Keep in mind also that the ego is you. There is a distinction between you and your ego, however. Early on in the process of inner work for spiritual awakening, you are very much enmeshed with your ego self. You truly believe that the ego is who you are. However, through the process of consistent inner work, you soon realize that the ego is not who you truly are.

INNER WORK TECHNIQUES

There are several energy healing techniques that you can test out to help you ease into inner work or continue your inner work for spiritual awakening and healing.

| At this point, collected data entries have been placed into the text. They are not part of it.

lemma not_EoAF_if_strong_gains:
  assumes "0 \<le> Rd" "1 < s" "1 \<le> \<rho>" "0 < \<eta>" "6 * snr_threshold Rd \<le> s powr \<eta>"
    and g1: "s powr (\<rho> - 2 + \<eta>) < g1" and g2: "s powr (\<eta> - 1) < g2"
  shows "\<not> EoAF Rd s (s powr \<rho>) g1 g2"
proof -
  define e where "e = snr_threshold Rd"
  have "0 \<le> e"
    using assms by (simp add: e_def snr_threshold_nonneg)
  have "0 < g1" "0 < g2"
    using g1 g2 powr_gt_zero[of s] assms by (auto simp del: powr_gt_zero intro: less_trans)
  \<comment> \<open>Each of the three summands of e times the denominator is at most s^2 g1 g2 / 3.\<close>
  have "s powr \<eta> < s * g2"
    using g2 assms by (simp add: powr_diff field_simps)
  then have "3 * e \<le> s * g2"
    using assms \<open>0 \<le> e\<close> by (simp add: e_def)
  then have term1: "3 * e * (s * g1) \<le> s^2 * g1 * g2"
    using assms \<open>0 < g1\<close> mult_right_mono[of "3 * e" "s * g2" "s * g1"]
    by (simp add: power2_eq_square algebra_simps)
  have "s \<le> s powr \<rho>"
    using assms powr_mono[of 1 \<rho> s] by simp
  then have "3 * e * (s + s powr \<rho>) \<le> 6 * e * s powr \<rho>"
    using \<open>0 \<le> e\<close> mult_left_mono[of s "s powr \<rho>" e] by (simp add: algebra_simps)
  also have "\<dots> \<le> s powr \<eta> * s powr \<rho>"
    using assms by (intro mult_right_mono) (auto simp: e_def)
  also have "\<dots> = s^2 * s powr (\<rho> - 2 + \<eta>)"
    using assms by (simp add: powr_add powr_diff powr_numeral)
  also have "\<dots> \<le> s^2 * g1"
    using g1 by (intro mult_left_mono) auto
  finally have term2: "3 * e * (s + s powr \<rho>) * g2 \<le> s^2 * g1 * g2"
    using \<open>0 < g2\<close> by (simp add: mult_right_mono)
  have "3 * e \<le> s powr \<eta>"
    using assms \<open>0 \<le> e\<close> by (simp add: e_def)
  also have "\<dots> \<le> s powr (\<rho> - 1 + 2 * \<eta>)"
    using assms by (intro powr_mono) auto
  also have "\<dots> = s powr 2 * s powr (\<rho> - 2 + \<eta>) * s powr (\<eta> - 1)"
    by (simp add: powr_add[symmetric] algebra_simps)
  also have "\<dots> = s^2 * s powr (\<rho> - 2 + \<eta>) * s powr (\<eta> - 1)"
    using assms by (simp add: powr_numeral)
  also have "\<dots> \<le> s^2 * g1 * g2"
    using assms g1 g2 \<open>0 < g1\<close> by (intro mult_mono) auto
  finally have term3: "3 * e \<le> s^2 * g1 * g2" .
  have "e * (s * g1 + (s + s powr \<rho>) * g2 + 1) \<le> s^2 * g1 * g2"
    using term1 term2 term3 by (simp add: algebra_simps)
  then show ?thesis
    using assms \<open>0 < g1\<close> \<open>0 < g2\<close> by (subst EoAF_iff) (auto simp: e_def)
qed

Below I’ve listed a few inner work techniques:

  • Self Exploration: Taking time to explore and know yourself at all levels – spiritual, psychological, energetically, mentally, emotionally. Ask yourself why you are the way you are, why you think the way you do or why you feel the way you feel during certain moments. 
  • Healing & Clearing: Emotional and energetic release work to clear any unresolved issues or traumas from your past that are manifesting and creating imbalances today.
  • Dealing with Your Past: Explore things and events from your past that have shaped your current self and current beliefs and challenge them.
  • Mental Restructuring: Expand your mind and develop new ways of thinking, evolve your mindset and beliefs; shift and pivot
  • Energy Work: Take a moment to reflect how you perceive your own energy and the energy of others. How are you using this energy? How does the energy of others or the environments you are in affect you?
  • Stretching: Challenging yourself, your current beliefs, taking risks you’ve never taken before, trying new things and experimenting.
  • Meditation: Mediation is a primary tool for inner work for healing. It allows you to sit with yourself and what you are feeling emotionally, mentally, physically and energetically. Mediation allows you to explore what you can let go of or what you to solve.

DEDICATING YOURSELF TO INNER WORK

In order to do the inner work, you must be dedicated to the inner work. Inner work does not work with you doing the work. 

Even if you experience a strong spiritual awakening, you have to make the extra push to go further inwards to continue to grow and evolve and ascend.

To do inner work, you have to learn all of the intricacies of your own ego. You need to work through different heights of transformation in your head, mind, heart and body and all the subtle energies. 

You need to get to know your self-delusions and know how to be profoundly and deeply trust your inner self. Through this process, you must show yourself kindness and patience. You have to find a balance between action and relaxation. Learn the difference between avoidance and surrendering. 

There is a whole lot that goes into spiritual inner work for healing, but don’t let that shy you away from the process. You can do this and you can find out for yourself how incredibly rewarding letting go of your ego is. 

I hope this post has been informative and given you an introduction to what inner work truly is. 

This has been the year for inner work for me and for many of my peers and even as a collective and society. 

If you’re out there doing your inner work, I salute you and if you’re just getting started, remember to be mindful, be present and be kind to yourself.